To give you all a brief overview my hair use to be permed and in shoulder-length braids. The hair in my braids was mostly extensions. When I went away to college I read the Autobiography of Malcolm X, a fantastic book and one I recommend to everyone sitting here. Some things that this book taught me was how ingrained my feeling of inadequacy about my hair was in my outlook. It just seemed normal. Birds flew, bees buzzed, black girls got perms. However a look at why I put perm into my hair was revealing. To sum it up, to have “coarse” and nappy hair is always considered wild, unprofessional, ugly, etc. And that’s because it isn’t straight. In a society that has taught me that I am not as attractive as the silky haired blondes on TV, I had swallowed hook line and sinker that my hair had to be “tamed”. The whole term “good hair” should show everybody what I mean. Good hair usually describes long and straight hair. Some people have said, it’s just a fashion but categorizing good hair and bad hair says something else entirely. Having short and essentially “black” hair is supposed to be ugly. I decided though that any hair on my head was to be appreciated, because it’s me. Some people tell me that my short and kinky hair looks to “black”. But my question is, what’s wrong with being black? Why is being black being ugly? Well, I just decided to be beautiful by being “ugly”.
Now this is not an attack on anyone that does or does not have a perm. Some of my best friends have perms. But my point is that for me, I decided that there was nothing wrong with my hair. There is nothing wrong with having straight or nappy hair. But I wanted to let my hair and therefore myself just be without making it into something else to be beautiful.
Basically what I am trying to say in this long explanation of my hair is that the subject of why I got rid of my perm took a few minutes to say but in my daily life, I rarely thought “Oh I want my hair to look like a white girls”. And even though I may not have expressly said that, that was my mindset. This is what I mean by questioning everything. Something so seemingly simple as hair can be deconstructed and given some serious thought. It is our everyday activities that can explain how we think of other people and ourselves.

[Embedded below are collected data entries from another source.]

lemma revenue_optimal_prefix:
  assumes "revenue_optimal \<theta> n S" "2 \<le> card S"
  shows "revenue_optimal \<theta> n {1..card S}"
  using assms
proof (induction "card (S - {1..card S})" arbitrary: S rule: less_induct)
  case less
  have S: "finite S" "S \<subseteq> {1..n}" using less.prems finite_subset unfolding revenue_optimal_def by auto
  show ?case
  proof (cases "S \<subseteq> {1..card S}")
    case True
    hence "S = {1..card S}" using card_subset_eq[of "{1..card S}" S] by simp
    with less.prems show ?thesis by simp
  next
    case False
    then obtain j where j: "j \<in> S" "card S < j" using S(2) by fastforce
    have "\<not> {1..card S} \<subseteq> S"
    proof
      assume "{1..card S} \<subseteq> S"
      hence "insert j {1..card S} \<subseteq> S" using j by blast
      hence "card (insert j {1..card S}) \<le> card S" by (rule card_mono[OF S(1)])
      thus False using j by simp
    qed
    then obtain i where i: "1 \<le> i" "i \<le> card S" "i \<notin> S" by (meson atLeastAtMost_iff subsetI)
    define S' where "S' = insert i (S - {j})"
    have opt': "revenue_optimal \<theta> n S'"
      unfolding S'_def using revenue_optimal_exchange[OF less.prems j(1) i(3,1)] i j by simp
    have card': "card S' = card S" unfolding S'_def using S(1) i j by (simp add: card_insert_if)
    have "S' - {1..card S'} = (S - {1..card S}) - {j}" unfolding card' unfolding S'_def using i j by auto
    hence "card (S' - {1..card S'}) < card (S - {1..card S})"
      using card_Diff1_less[of "S - {1..card S}" j] S(1) j by simp
    from less.hyps[OF this opt'] less.prems card' show ?thesis by simp
  qed
qed

end

theorem lemma6:
  fixes n :: nat and \<theta> :: "nat \<Rightarrow> real" and S :: "nat set"
  assumes mono: "\<And>i j. 1 \<le> i \<Longrightarrow> i \<le> j \<Longrightarrow> j \<le> n \<Longrightarrow> \<theta> j \<le> \<theta> i"
    and nonneg: "\<And>i. 1 \<le> i \<Longrightarrow> i \<le> n \<Longrightarrow> 0 \<le> \<theta> i"
    and half: "\<And>T i. T \<subseteq> {1..n} \<Longrightarrow> T \<noteq> {} \<Longrightarrow> i \<in> T \<Longrightarrow> qbar \<theta> T i < 1/2"
    and S_sub: "S \<subseteq> {1..n}" and S_ne: "S \<noteq> {}"
    and S_opt: "\<And>T. T \<subseteq> {1..n} \<Longrightarrow> T \<noteq> {} \<Longrightarrow> re_bar \<theta> T \<le> re_bar \<theta> S"
    and k2: "card S \<ge> 2"
  shows "\<forall>T. T \<subseteq> {1..n} \<and> T \<noteq> {} \<longrightarrow> re_bar \<theta> T \<le> re_bar \<theta> {1..card S}"
proof -
  have "revenue_optimal \<theta> n S"
    unfolding revenue_optimal_def using S_sub S_ne S_opt by blast
  from revenue_optimal_prefix[OF mono half this k2]
  show ?thesis unfolding revenue_optimal_def by blast
qed

end
(* Let $n\ge 1$ be an integer. There exist a tensor $A\in\mathbb{C}^{2n\times 2n\times 2}$ with $\operatorname{rank}(A)=3n$ and a sequence of tensors $(A_k)_{k\in\mathbb{N}}\subset\mathbb{C}^{2n\times 2n\times 2}$ with $\operatorname{rank}(A_k)=2n$ for every $k$, such that $A_k\to A$ as $k\to\infty$ in the Euclidean (entrywise) topology.
   Context: $\mathbb{C}^{l\times m\times p}$ is the space of complex arrays $(a_{ijk})$ of size $l\times m\times p$. For vectors $\mathbf{x},\mathbf{y},\mathbf{z}$ of appropriate sizes, $\mathbf{x}\otimes\mathbf{y}\otimes\mathbf{z}=(x_iy_jz_k)$ is an elementary tensor. The tensor rank of a tensor is the least number of elementary tensors (over $\mathbb{C}$) whose sum equals it. *)

theory Defs
  imports "HOL-Analysis.Analysis"
begin

text \<open>A tensor in C^{l x m x p} is represented as a function
  nat => nat => nat => complex; only entries with i < l, j < m, k < p matter.
  Indices are 0-based.\<close>

type_synonym tensor3 = "nat \<Rightarrow> nat \<Rightarrow> nat \<Rightarrow> complex"

definition sum_of_elementary ::
  "nat \<Rightarrow> nat \<Rightarrow> nat \<Rightarrow> nat \<Rightarrow> tensor3 \<Rightarrow> bool" where
  "sum_of_elementary l m p r T \<longleftrightarrow>
     (\<exists>x y z :: nat \<Rightarrow> nat \<Rightarrow> complex.
        \<forall>i<l. \<forall>j<m. \<forall>k<p. T i j k = (\<Sum>s<r. x s i * y s j * z s k))"

definition tensor_rank :: "nat \<Rightarrow> nat \<Rightarrow> nat \<Rightarrow> tensor3 \<Rightarrow> nat" where
  "tensor_rank l m p T = (LEAST r. sum_of_elementary l m p r T)"

definition tensor_converges ::
  "nat \<Rightarrow> nat \<Rightarrow> nat \<Rightarrow> (nat \<Rightarrow> tensor3) \<Rightarrow> tensor3 \<Rightarrow> bool" where
  "tensor_converges l m p As A \<longleftrightarrow>
     (\<forall>i<l. \<forall>j<m. \<forall>k<p. (\<lambda>t. As t i j k) \<longlonglongrightarrow> A i j k)"

end

theory Submission
  imports Defs "HOL-Library.Function_Algebras"
begin

(*
  The limit is the pencil (I, J), where J is the direct sum of n nilpotent 2x2 Jordan blocks.
  Replacing J by J + e diag(0,1,0,1,...) with e \<noteq> 0 makes every block diagonalisable, so the
  perturbed pencils have rank 2n, and no less since one slice is I.

  For rank (I, J) \<ge> 3n, write a decomposition with r terms as I = X D0 Y^T and J = X D1 Y^T
  (xmult is X and diag_mult k is Dk Y^T). The vectors D0 Y^T e_j, j < 2n, are mapped by X onto
  the unit vectors, while f u = D1 Y^T u - D0 Y^T J u (kernel_map) always lies in the kernel of X;
  hence r \<ge> 2n + dim (im f). Finally dim (im f) \<ge> n: if f u = f k with J k = 0 and f (J u) = 0
  then J u = 0, so u \<mapsto> (f u mod f (ker J), f (J u)) is injective on the odd coordinates.
*)

lemma homogeneous_system_nontrivial_solution:
  fixes M :: "'a \<Rightarrow> nat \<Rightarrow> complex"
  assumes "finite R" "card R < k"
  shows "\<exists>\<beta>. (\<exists>j<k. \<beta> j \<noteq> 0) \<and> (\<forall>i\<in>R. (\<Sum>j<k. M i j * \<beta> j) = 0)"
  using assms
proof (induction k arbitrary: R M)
  case 0
  then show ?case by simp
next
  case (Suc k)
  show ?case
  proof (cases "\<forall>i\<in>R. M i k = 0")
    case True
    show ?thesis
      by (rule exI[of _ "\<lambda>j. if j = k then 1 else 0"]) (auto simp: True if_distrib cong: if_cong)
  next
    case False
    then obtain i0 where i0: "i0 \<in> R" "M i0 k \<noteq> 0" by blast
    define M' where "M' i j = M i j - M i k * M i0 j / M i0 k" for i j
    have "card (R - {i0}) < k"
      using Suc.prems i0 card_gt_0_iff[of R] by auto
    then obtain \<beta>' where
      \<beta>': "\<exists>j<k. \<beta>' j \<noteq> 0" "\<forall>i\<in>R - {i0}. (\<Sum>j<k. M' i j * \<beta>' j) = 0"
      using Suc.IH[of "R - {i0}" M'] Suc.prems by blast
    define S0 where "S0 = (\<Sum>j<k. M i0 j * \<beta>' j)"
    define \<beta> where "\<beta> j = (if j < k then \<beta>' j else - S0 / M i0 k)" for j
    have row: "(\<Sum>j<Suc k. M i j * \<beta> j) = (\<Sum>j<k. M' i j * \<beta>' j)" for i
      by (simp add: \<beta>_def M'_def S0_def algebra_simps sum_subtractf sum_distrib_left sum_divide_distrib)
    have "(\<Sum>j<k. M' i0 j * \<beta>' j) = 0"
      using i0(2) by (simp add: M'_def sum_subtractf sum_distrib_left[symmetric] mult_ac)
    moreover have "\<exists>j<Suc k. \<beta> j \<noteq> 0"
      using \<beta>'(1) by (auto simp: \<beta>_def)
    ultimately show ?thesis
      using \<beta>'(2) by (intro exI[of _ \<beta>]) (metis DiffI row singletonD)
  qed
qed

lemma (in vector_space_pair) independent_Un_kernel:
  assumes L: "Vector_Spaces.linear s1 s2 L" and inj: "inj_on L C" and indep_C: "vs2.independent (L ` C)"
    and indep_B: "vs1.independent B" and ker: "\<And>b. b \<in> B \<Longrightarrow> L b = 0"
  shows "vs1.independent (C \<union> B)" and "C \<inter> B = {}"
proof -
  show "C \<inter> B = {}"
    using ker indep_C vs2.dependent_zero[of "L ` C"] by (metis disjoint_iff image_eqI)
  show "vs1.independent (C \<union> B)"
    unfolding vs1.independent_explicit_module
  proof (intro allI impI)
    fix t u v
    assume t: "finite t" "t \<subseteq> C \<union> B" and comb: "(\<Sum>w\<in>t. u w *a w) = 0" and v: "v \<in> t"
    have "(\<Sum>w\<in>t. u w *b L w) = L (\<Sum>w\<in>t. u w *a w)"
      by (simp add: linear_sum[OF L] linear_scale[OF L])
    then have "0 = (\<Sum>w\<in>t. u w *b L w)"
      using comb by (simp add: linear_0[OF L])
    also have "\<dots> = (\<Sum>w\<in>t \<inter> C. u w *b L w)"
      using t ker by (intro sum.mono_neutral_right) auto
    also have "\<dots> = (\<Sum>c\<in>L ` (t \<inter> C). u (inv_into C L c) *b c)"
      using inj by (subst sum.reindex) (auto intro: inj_on_subset)
    finally have on_C: "u w = 0" if "w \<in> t \<inter> C" for w
      using vs2.independentD[OF indep_C, of "L ` (t \<inter> C)" "\<lambda>c. u (inv_into C L c)" "L w"]
        that t inj by auto
    have "(\<Sum>w\<in>t - C. u w *a w) = (\<Sum>w\<in>t. u w *a w)"
      using t on_C by (intro sum.mono_neutral_left) auto
    then have "u w = 0" if "w \<in> t - C" for w
      using vs1.independentD[OF indep_B, of "t - C" u w] comb t that by auto
    then show "u v = 0"
      using on_C v by blast
  qed
qed

definition cscale :: "complex \<Rightarrow> (nat \<Rightarrow> complex) \<Rightarrow> nat \<Rightarrow> complex" where
  "cscale c v = (\<lambda>i. c * v i)"

lemma cscale_apply [simp]: "cscale c v i = c * v i"
  by (simp add: cscale_def)

interpretation V: vector_space cscale
  by unfold_locales (auto simp: fun_eq_iff algebra_simps)

interpretation VV: vector_space_pair cscale cscale ..

lemma sum_fun_apply: "(\<Sum>a\<in>A. f a) i = (\<Sum>a\<in>A. f a i)"
  for f :: "'a \<Rightarrow> 'b \<Rightarrow> 'c::comm_monoid_add"
  by (induction A rule: infinite_finite_induct) auto

definition unit_vec :: "nat \<Rightarrow> nat \<Rightarrow> complex" where
  "unit_vec j = (\<lambda>i. if i = j then 1 else 0)"

lemma independent_unit_vecs: "V.independent (unit_vec ` A)"
  unfolding V.independent_explicit_module
proof (intro allI impI)
  fix t u v
  assume t: "finite t" "t \<subseteq> unit_vec ` A" and comb: "(\<Sum>w\<in>t. cscale (u w) w) = 0" and v: "v \<in> t"
  obtain j where j: "v = unit_vec j"
    using t v by blast
  have "0 = (\<Sum>w\<in>t. cscale (u w) w) j"
    using comb by simp
  also have "\<dots> = (\<Sum>w\<in>t. if w = v then u w else 0)"
    unfolding sum_fun_apply
  proof (intro sum.cong refl)
    fix w assume "w \<in> t"
    then obtain i where "w = unit_vec i"
      using t by blast
    then show "cscale (u w) w j = (if w = v then u w else 0)"
      by (auto simp: j unit_vec_def fun_eq_iff)
  qed
  finally show "u v = 0"
    using t v by simp
qed

lemma in_span_unit_vecs:
  assumes "\<And>s. s \<ge> r \<Longrightarrow> v s = 0"
  shows "v \<in> V.span (unit_vec ` {..<r})"
proof -
  have "v = (\<Sum>s<r. cscale (v s) (unit_vec s))"
    using assms by (auto simp: fun_eq_iff sum_fun_apply unit_vec_def not_less if_distrib cong: if_cong)
  also have "\<dots> \<in> V.span (unit_vec ` {..<r})"
    by (intro V.span_sum V.span_scale V.span_base) auto
  finally show ?thesis .
qed

lemma (in module) representation_eq_0_outside:
  assumes "independent B" "B' \<subseteq> B" "v \<in> span B'" "b \<notin> B'"
  shows "representation B v b = 0"
  using representation_extend[OF assms(1,3,2)] representation_ne_zero[of B' v b] assms(4) by auto

lemma (in module) combination_in_span_subset:
  assumes B: "independent B" "finite B" and "B' \<subseteq> B"
    and w: "\<And>i. i \<in> I \<Longrightarrow> w i \<in> span B"
    and outside: "\<And>b. b \<in> B - B' \<Longrightarrow> (\<Sum>i\<in>I. representation B (w i) b * c i) = 0"
  shows "(\<Sum>i\<in>I. c i *s w i) \<in> span B'"
proof -
  let ?v = "\<Sum>i\<in>I. c i *s w i"
  have v: "?v \<in> span B"
    using w by (intro span_sum span_scale) auto
  have "representation B ?v = (\<lambda>b. \<Sum>i\<in>I. representation B (c i *s w i) b)"
    using w by (intro representation_sum[OF B(1)] span_scale)
  also have "\<dots> = (\<lambda>b. \<Sum>i\<in>I. representation B (w i) b * c i)"
    using w by (intro ext sum.cong) (simp_all add: representation_scale[OF B(1)] mult.commute)
  finally have rep: "representation B ?v b = (\<Sum>i\<in>I. representation B (w i) b * c i)" for b
    by simp
  have "?v = (\<Sum>b\<in>B. representation B ?v b *s b)"
    using sum_representation_eq[OF B(1) v B(2)] by simp
  also have "\<dots> = (\<Sum>b\<in>B'. representation B ?v b *s b)"
    using B(2) assms(3) outside by (intro sum.mono_neutral_right) (auto simp: rep)
  also have "\<dots> \<in> span B'"
    by (intro span_sum span_scale span_base)
  finally show ?thesis .
qed

lemma linear_cscaleI:
  assumes "\<And>u v. L (u + v) = L u + L v" and "\<And>c u. L (cscale c u) = cscale c (L u)"
  shows "Vector_Spaces.linear cscale cscale L"
  using assms V.vector_space_axioms by (simp add: Vector_Spaces.linear_iff)

(* Only the 2n x 2n corner is ever used: it is the direct sum of n copies of [[0,1],[0,0]]. *)
definition jordan_nil :: "nat \<Rightarrow> nat \<Rightarrow> complex" where
  "jordan_nil i j = (if even i \<and> j = Suc i then 1 else 0)"

definition jordan_nil_mult :: "nat \<Rightarrow> (nat \<Rightarrow> complex) \<Rightarrow> nat \<Rightarrow> complex" where
  "jordan_nil_mult n u = (\<lambda>i. if i < 2*n \<and> even i then u (Suc i) else 0)"

lemma jordan_nil_mult_eq_sum:
  assumes "i < 2*n"
  shows "(\<Sum>j<2*n. jordan_nil i j * u j) = jordan_nil_mult n u i"
proof -
  have "(\<Sum>j<2*n. jordan_nil i j * u j) = (\<Sum>j<2*n. if even i \<and> j = Suc i then u j else 0)"
    by (rule sum.cong) (auto simp: jordan_nil_def)
  moreover have "even i \<Longrightarrow> Suc i < 2*n"
    using assms by presburger
  ultimately show ?thesis
    by (cases "even i") (simp_all add: jordan_nil_mult_def)
qed

lemma jordan_nil_mult_nilpotent: "jordan_nil_mult n (jordan_nil_mult n u) = 0"
  by (simp add: jordan_nil_mult_def fun_eq_iff)

lemma jordan_nil_mult_odd_unit_vec: "i < n \<Longrightarrow> jordan_nil_mult n (unit_vec (Suc (2*i))) = unit_vec (2*i)"
  by (auto simp: jordan_nil_mult_def unit_vec_def fun_eq_iff)

lemma jordan_nil_mult_even_unit_vec: "jordan_nil_mult n (unit_vec (2*i)) = 0"
  by (auto simp: jordan_nil_mult_def unit_vec_def fun_eq_iff) presburger

lemma linear_jordan_nil_mult: "Vector_Spaces.linear cscale cscale (jordan_nil_mult n)"
  by (rule linear_cscaleI) (auto simp: jordan_nil_mult_def fun_eq_iff)

locale identity_slice_decomposition =
  fixes N r :: nat and x y z :: "nat \<Rightarrow> nat \<Rightarrow> complex"
  assumes slice_0: "\<And>i j. i < N \<Longrightarrow> j < N \<Longrightarrow>
    (\<Sum>s<r. x s i * y s j * z s 0) = (if i = j then 1 else 0)"
begin

definition diag_mult :: "nat \<Rightarrow> (nat \<Rightarrow> complex) \<Rightarrow> nat \<Rightarrow> complex" where
  "diag_mult k u = (\<lambda>s. if s < r then z s k * (\<Sum>j<N. y s j * u j) else 0)"

definition xmult :: "(nat \<Rightarrow> complex) \<Rightarrow> nat \<Rightarrow> complex" where
  "xmult w = (\<lambda>i. if i < N then \<Sum>s<r. x s i * w s else 0)"

lemma linear_diag_mult: "Vector_Spaces.linear cscale cscale (diag_mult k)"
  by (rule linear_cscaleI)
    (auto simp: diag_mult_def fun_eq_iff algebra_simps sum.distrib sum_distrib_left)

lemma linear_xmult: "Vector_Spaces.linear cscale cscale xmult"
  by (rule linear_cscaleI)
    (auto simp: xmult_def fun_eq_iff algebra_simps sum.distrib sum_distrib_left)
lemma me_coeff_four_block:
  assumes a: "a \<in> carrier_vec n1" and A: "A \<in> carrier_mat n1 n1" and t1: "t1 \<in> carrier_vec n1"
    and a2: "a2 \<in> carrier_vec n2" and D: "D \<in> carrier_mat n2 n2" and t2: "t2 \<in> carrier_vec n2"
  shows "me_coeff (a @\<^sub>v 0\<^sub>v n2) (four_block_mat A (outer_vec t1 a2) (0\<^sub>m n2 n1) D) (0\<^sub>v n1 @\<^sub>v t2)
    = conv_coeff (me_coeff a A t1) (me_coeff a2 D t2)"
proof
  fix k
  define x where "x = rec_nat (0\<^sub>v n1) (\<lambda>k xk. A *\<^sub>v xk + me_coeff a2 D t2 k \<cdot>\<^sub>v t1)"
  have x0: "x 0 = 0\<^sub>v n1" and xSuc: "\<And>k. x (Suc k) = A *\<^sub>v x k + me_coeff a2 D t2 k \<cdot>\<^sub>v t1"
    by (simp_all add: x_def)
  have "x k \<in> carrier_vec n1"
    by (induction k) (use A t1 in \<open>simp_all add: x0 xSuc\<close>)
  then have "me_coeff (a @\<^sub>v 0\<^sub>v n2) (four_block_mat A (outer_vec t1 a2) (0\<^sub>m n2 n1) D) (0\<^sub>v n1 @\<^sub>v t2) k = a \<bullet> x k"
    unfolding me_coeff_def four_block_pow_mult_vec[OF A D t1 a2 t2 x0 xSuc]
    using a D t2 by (simp add: scalar_prod_append[of _ n1 _ n2])
  also have "\<dots> = conv_coeff (me_coeff a A t1) (me_coeff a2 D t2) k"
    by (rule scalar_prod_linear_recurrence[OF A t1 x0 xSuc a])
  finally show "me_coeff (a @\<^sub>v 0\<^sub>v n2) (four_block_mat A (outer_vec t1 a2) (0\<^sub>m n2 n1) D) (0\<^sub>v n1 @\<^sub>v t2) k
      = conv_coeff (me_coeff a A t1) (me_coeff a2 D t2) k" .
qed

lemma has_integral_me_fun_four_block:
  assumes a: "a \<in> carrier_vec n1" and A: "A \<in> carrier_mat n1 n1" and t1: "t1 \<in> carrier_vec n1"
    and a2: "a2 \<in> carrier_vec n2" and D: "D \<in> carrier_mat n2 n2" and t2: "t2 \<in> carrier_vec n2"
    and "0 \<le> y"
  shows "((\<lambda>s. me_fun a A t1 (y - s) * me_fun a2 D t2 s) has_integral
      me_fun (a @\<^sub>v 0\<^sub>v n2) (four_block_mat A (outer_vec t1 a2) (0\<^sub>m n2 n1) D) (0\<^sub>v n1 @\<^sub>v t2) y) {0..y}"
proof -
  let ?u = "me_coeff a A t1" and ?v = "me_coeff a2 D t2"
  have block: "me_fun (a @\<^sub>v 0\<^sub>v n2) (four_block_mat A (outer_vec t1 a2) (0\<^sub>m n2 n1) D) (0\<^sub>v n1 @\<^sub>v t2) y
      = exp_series (conv_coeff ?u ?v) y"
    using assms by (subst me_fun_eq_exp_series[where n = "n1 + n2"])
      (auto simp: me_coeff_four_block intro!: four_block_carrier_mat outer_vec_carrier)
  have factors: "exp_series ?u (y - s) * exp_series ?v s = me_fun a A t1 (y - s) * me_fun a2 D t2 s"
    if "s \<in> {0..y}" for s
    using that assms by (simp add: me_fun_eq_exp_series)
  have "((\<lambda>s. exp_series ?u (y - s) * exp_series ?v s) has_integral exp_series (conv_coeff ?u ?v) y) {0..y}"
    using assms by (intro has_integral_exp_series_convolution geom_bounded_me_coeff)
  from has_integral_eq[OF factors this] show ?thesis
    unfolding block .
qed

Now this “hair explanation” probably seems a little self centered. But think how many girls are told their hair is ugly because it isn’t long or straight enough. How many commercials on TV feature long and straight haired girls looking beautiful. How many natural haired black women do you see on music videos, magazines, or commercials? This all helps shape how our young women think of themselves whether black, white, Latino, whatever. And this is also, to me, important in forming my idea of whether I am doing good or not. Am I helping a young black girl be strong in who she is or am I, even silently, reinforcing the stereotype that long straight hair is the only hair that can make her beautiful?
Tons of seemingly small subjects like hair can be factors in knowing how to treat people like they are worthwhile human beings and not people who aren’t as pretty, aren’t as American, aren’t as smart, aren’t as rich etc. Looking at what is going on behind the seems to me has been one of the most important things I feel that God has taught me.


**Update** my mom just told me that my sermon is next sunday, not this sunday. wow im kinda slow but that means i can get more input! yay!